▸ WHAT TO PRODUCE: Find the string "where" in the records. Copy each line that has it.
----
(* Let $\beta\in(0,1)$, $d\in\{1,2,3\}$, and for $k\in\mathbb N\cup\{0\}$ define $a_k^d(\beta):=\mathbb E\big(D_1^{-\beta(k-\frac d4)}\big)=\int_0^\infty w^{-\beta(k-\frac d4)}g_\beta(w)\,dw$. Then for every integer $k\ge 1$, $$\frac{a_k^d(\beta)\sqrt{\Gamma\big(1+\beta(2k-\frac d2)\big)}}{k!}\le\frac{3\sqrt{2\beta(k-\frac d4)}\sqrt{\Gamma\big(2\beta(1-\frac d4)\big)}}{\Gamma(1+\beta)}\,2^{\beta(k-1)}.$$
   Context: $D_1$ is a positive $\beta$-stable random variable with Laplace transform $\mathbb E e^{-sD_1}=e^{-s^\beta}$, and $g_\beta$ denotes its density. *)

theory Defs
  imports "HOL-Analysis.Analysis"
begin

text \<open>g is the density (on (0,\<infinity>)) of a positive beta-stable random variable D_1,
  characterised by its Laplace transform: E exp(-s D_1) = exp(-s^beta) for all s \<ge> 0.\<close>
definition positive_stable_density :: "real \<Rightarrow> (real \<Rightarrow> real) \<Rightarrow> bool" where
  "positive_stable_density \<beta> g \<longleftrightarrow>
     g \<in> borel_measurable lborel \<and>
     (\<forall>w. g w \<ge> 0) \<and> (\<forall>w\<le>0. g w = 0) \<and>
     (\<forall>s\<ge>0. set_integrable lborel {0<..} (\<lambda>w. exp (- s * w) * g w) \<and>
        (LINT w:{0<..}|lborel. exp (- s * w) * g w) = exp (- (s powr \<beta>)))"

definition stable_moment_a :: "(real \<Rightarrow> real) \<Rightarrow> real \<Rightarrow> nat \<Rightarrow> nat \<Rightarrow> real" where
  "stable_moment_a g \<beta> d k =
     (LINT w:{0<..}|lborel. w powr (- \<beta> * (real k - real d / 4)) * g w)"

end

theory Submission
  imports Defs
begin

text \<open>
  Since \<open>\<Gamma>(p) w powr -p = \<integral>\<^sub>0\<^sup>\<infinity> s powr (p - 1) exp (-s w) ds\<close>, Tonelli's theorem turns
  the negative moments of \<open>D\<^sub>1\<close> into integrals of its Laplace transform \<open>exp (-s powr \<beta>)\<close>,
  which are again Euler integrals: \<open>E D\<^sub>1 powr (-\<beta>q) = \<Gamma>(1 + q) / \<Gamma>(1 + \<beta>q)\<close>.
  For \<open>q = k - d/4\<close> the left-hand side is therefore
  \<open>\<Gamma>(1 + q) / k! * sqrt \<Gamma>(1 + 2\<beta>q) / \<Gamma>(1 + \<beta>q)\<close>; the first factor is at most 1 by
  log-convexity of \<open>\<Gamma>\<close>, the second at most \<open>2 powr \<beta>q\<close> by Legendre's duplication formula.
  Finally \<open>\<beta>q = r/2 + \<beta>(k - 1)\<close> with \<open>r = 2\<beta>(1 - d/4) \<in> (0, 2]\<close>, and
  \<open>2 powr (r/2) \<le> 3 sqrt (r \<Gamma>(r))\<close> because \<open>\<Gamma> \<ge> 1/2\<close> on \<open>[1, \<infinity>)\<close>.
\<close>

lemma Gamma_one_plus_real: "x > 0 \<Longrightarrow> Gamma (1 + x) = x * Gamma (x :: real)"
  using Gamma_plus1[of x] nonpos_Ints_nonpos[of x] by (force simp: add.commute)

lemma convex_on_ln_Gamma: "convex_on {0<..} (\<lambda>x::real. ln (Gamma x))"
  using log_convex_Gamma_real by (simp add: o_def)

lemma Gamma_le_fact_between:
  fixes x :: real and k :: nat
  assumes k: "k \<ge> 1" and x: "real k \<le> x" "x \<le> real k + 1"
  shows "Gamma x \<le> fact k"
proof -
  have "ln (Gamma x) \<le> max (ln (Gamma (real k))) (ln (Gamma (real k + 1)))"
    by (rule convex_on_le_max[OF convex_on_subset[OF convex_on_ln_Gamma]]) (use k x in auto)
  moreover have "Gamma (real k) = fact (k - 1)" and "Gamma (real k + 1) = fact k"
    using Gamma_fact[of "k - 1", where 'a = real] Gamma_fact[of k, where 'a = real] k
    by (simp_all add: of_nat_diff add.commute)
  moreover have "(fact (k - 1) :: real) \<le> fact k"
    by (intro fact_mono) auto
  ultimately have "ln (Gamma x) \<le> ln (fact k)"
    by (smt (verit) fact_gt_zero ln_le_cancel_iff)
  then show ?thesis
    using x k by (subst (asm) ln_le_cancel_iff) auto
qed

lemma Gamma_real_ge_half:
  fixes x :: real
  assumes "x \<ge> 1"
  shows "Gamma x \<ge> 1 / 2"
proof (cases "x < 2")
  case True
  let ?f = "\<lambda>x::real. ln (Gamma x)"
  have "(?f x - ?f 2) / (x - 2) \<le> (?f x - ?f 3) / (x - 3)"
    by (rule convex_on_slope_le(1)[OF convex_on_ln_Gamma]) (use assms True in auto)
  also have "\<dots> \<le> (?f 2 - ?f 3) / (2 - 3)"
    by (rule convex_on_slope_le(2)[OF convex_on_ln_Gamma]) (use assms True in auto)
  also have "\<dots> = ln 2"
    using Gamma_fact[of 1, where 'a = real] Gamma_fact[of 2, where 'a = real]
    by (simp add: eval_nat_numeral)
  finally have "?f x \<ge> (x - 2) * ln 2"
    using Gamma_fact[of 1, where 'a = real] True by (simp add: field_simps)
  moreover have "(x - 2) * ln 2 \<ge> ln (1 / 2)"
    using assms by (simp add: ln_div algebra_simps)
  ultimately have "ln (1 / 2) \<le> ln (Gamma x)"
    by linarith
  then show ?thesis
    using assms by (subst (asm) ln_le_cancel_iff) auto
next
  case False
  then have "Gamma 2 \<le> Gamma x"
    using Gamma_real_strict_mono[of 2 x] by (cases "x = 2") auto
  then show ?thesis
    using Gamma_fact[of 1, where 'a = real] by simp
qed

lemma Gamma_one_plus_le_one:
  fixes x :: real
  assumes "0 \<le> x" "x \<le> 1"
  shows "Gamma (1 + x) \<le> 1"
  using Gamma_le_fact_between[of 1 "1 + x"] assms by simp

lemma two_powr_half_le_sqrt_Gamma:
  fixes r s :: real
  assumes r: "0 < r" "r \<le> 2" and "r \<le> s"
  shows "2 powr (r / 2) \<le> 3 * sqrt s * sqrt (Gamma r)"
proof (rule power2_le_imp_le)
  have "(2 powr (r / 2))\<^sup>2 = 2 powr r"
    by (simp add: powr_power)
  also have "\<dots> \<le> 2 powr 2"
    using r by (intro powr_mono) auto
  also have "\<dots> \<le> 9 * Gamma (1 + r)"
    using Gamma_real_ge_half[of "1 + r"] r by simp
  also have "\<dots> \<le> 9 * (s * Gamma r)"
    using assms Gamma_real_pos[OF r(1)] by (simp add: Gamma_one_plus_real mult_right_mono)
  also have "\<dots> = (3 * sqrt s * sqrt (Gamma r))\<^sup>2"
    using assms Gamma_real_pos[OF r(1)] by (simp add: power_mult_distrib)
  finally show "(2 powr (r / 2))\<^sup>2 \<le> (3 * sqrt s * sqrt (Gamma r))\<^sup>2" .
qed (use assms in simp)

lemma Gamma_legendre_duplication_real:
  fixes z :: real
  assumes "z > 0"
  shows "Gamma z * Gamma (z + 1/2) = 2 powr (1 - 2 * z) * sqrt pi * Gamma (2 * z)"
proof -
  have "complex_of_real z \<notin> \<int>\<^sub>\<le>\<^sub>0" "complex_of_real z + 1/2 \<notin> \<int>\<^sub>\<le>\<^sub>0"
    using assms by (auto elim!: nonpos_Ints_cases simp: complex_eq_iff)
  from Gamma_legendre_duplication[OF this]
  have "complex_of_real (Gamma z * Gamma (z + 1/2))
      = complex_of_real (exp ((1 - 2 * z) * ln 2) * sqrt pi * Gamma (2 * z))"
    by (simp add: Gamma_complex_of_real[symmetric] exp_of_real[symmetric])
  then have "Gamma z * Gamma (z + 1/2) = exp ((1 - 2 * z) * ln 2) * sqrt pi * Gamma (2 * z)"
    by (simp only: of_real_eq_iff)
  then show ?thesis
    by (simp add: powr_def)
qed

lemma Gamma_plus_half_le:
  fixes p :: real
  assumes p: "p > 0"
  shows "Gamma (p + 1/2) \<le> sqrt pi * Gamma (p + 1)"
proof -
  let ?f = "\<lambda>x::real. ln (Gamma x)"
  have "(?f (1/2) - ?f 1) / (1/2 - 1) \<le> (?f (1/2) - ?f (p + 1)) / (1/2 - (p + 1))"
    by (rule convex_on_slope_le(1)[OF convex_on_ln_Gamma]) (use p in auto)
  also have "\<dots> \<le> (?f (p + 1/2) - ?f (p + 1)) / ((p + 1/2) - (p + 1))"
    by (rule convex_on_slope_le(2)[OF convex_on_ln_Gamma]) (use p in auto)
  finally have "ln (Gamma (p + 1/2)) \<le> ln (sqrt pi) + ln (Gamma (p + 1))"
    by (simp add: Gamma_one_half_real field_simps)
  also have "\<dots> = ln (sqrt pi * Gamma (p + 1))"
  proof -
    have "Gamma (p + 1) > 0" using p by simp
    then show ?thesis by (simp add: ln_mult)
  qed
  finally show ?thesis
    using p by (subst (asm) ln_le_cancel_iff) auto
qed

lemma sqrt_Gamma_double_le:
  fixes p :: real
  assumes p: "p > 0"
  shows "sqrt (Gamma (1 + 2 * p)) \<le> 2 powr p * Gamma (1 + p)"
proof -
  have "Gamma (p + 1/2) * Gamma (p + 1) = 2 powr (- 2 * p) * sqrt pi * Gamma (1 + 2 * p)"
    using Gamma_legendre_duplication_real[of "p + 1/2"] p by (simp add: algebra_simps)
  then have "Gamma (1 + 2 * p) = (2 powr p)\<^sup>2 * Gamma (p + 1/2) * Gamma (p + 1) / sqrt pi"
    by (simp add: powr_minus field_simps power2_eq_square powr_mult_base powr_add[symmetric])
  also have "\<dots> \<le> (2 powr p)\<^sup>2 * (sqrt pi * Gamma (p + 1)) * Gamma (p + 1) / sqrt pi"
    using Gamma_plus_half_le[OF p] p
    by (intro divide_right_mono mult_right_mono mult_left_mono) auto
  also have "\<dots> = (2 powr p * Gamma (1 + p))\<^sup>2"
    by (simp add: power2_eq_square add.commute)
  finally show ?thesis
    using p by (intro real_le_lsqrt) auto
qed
----
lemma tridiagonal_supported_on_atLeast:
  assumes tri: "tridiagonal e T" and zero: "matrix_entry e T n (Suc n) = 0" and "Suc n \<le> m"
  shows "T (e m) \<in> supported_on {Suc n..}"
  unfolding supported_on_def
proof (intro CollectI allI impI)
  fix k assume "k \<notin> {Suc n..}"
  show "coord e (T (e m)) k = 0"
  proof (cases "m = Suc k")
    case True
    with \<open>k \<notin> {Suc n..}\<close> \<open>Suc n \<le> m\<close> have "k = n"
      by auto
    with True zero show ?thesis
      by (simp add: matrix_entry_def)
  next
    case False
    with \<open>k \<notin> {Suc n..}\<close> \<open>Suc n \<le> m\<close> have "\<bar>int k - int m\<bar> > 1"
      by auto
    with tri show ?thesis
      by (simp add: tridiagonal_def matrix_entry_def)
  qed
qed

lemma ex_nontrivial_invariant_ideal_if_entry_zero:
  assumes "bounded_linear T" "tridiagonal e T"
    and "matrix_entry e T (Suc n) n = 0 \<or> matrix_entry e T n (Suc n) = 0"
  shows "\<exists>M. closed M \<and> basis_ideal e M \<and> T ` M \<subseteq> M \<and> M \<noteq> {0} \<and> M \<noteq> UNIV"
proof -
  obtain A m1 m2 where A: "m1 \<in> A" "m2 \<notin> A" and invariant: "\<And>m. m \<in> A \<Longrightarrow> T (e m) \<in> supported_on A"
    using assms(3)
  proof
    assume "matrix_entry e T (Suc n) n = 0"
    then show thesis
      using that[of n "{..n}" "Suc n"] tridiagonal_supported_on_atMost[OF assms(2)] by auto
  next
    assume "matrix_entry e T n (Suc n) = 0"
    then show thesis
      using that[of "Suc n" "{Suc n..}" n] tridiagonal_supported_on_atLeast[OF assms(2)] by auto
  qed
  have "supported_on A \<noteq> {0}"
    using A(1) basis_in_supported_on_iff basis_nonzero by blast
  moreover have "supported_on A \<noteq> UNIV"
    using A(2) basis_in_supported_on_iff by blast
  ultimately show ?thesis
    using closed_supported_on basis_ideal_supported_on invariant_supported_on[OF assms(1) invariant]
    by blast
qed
----
▸ RESULT FOR THIS TASK:
definition positive_stable_density :: "real \<Rightarrow> (real \<Rightarrow> real) \<Rightarrow> bool" where
definition stable_moment_a :: "(real \<Rightarrow> real) \<Rightarrow> real \<Rightarrow> nat \<Rightarrow> nat \<Rightarrow> real" where
    using Gamma_fact[of "k - 1", where 'a = real] Gamma_fact[of k, where 'a = real] k
    using Gamma_fact[of 1, where 'a = real] Gamma_fact[of 2, where 'a = real]
    using Gamma_fact[of 1, where 'a = real] True by (simp add: field_simps)
    using Gamma_fact[of 1, where 'a = real] by simp
  obtain A m1 m2 where A: "m1 \<in> A" "m2 \<notin> A" and invariant: "\<And>m. m \<in> A \<Longrightarrow> T (e m) \<in> supported_on A"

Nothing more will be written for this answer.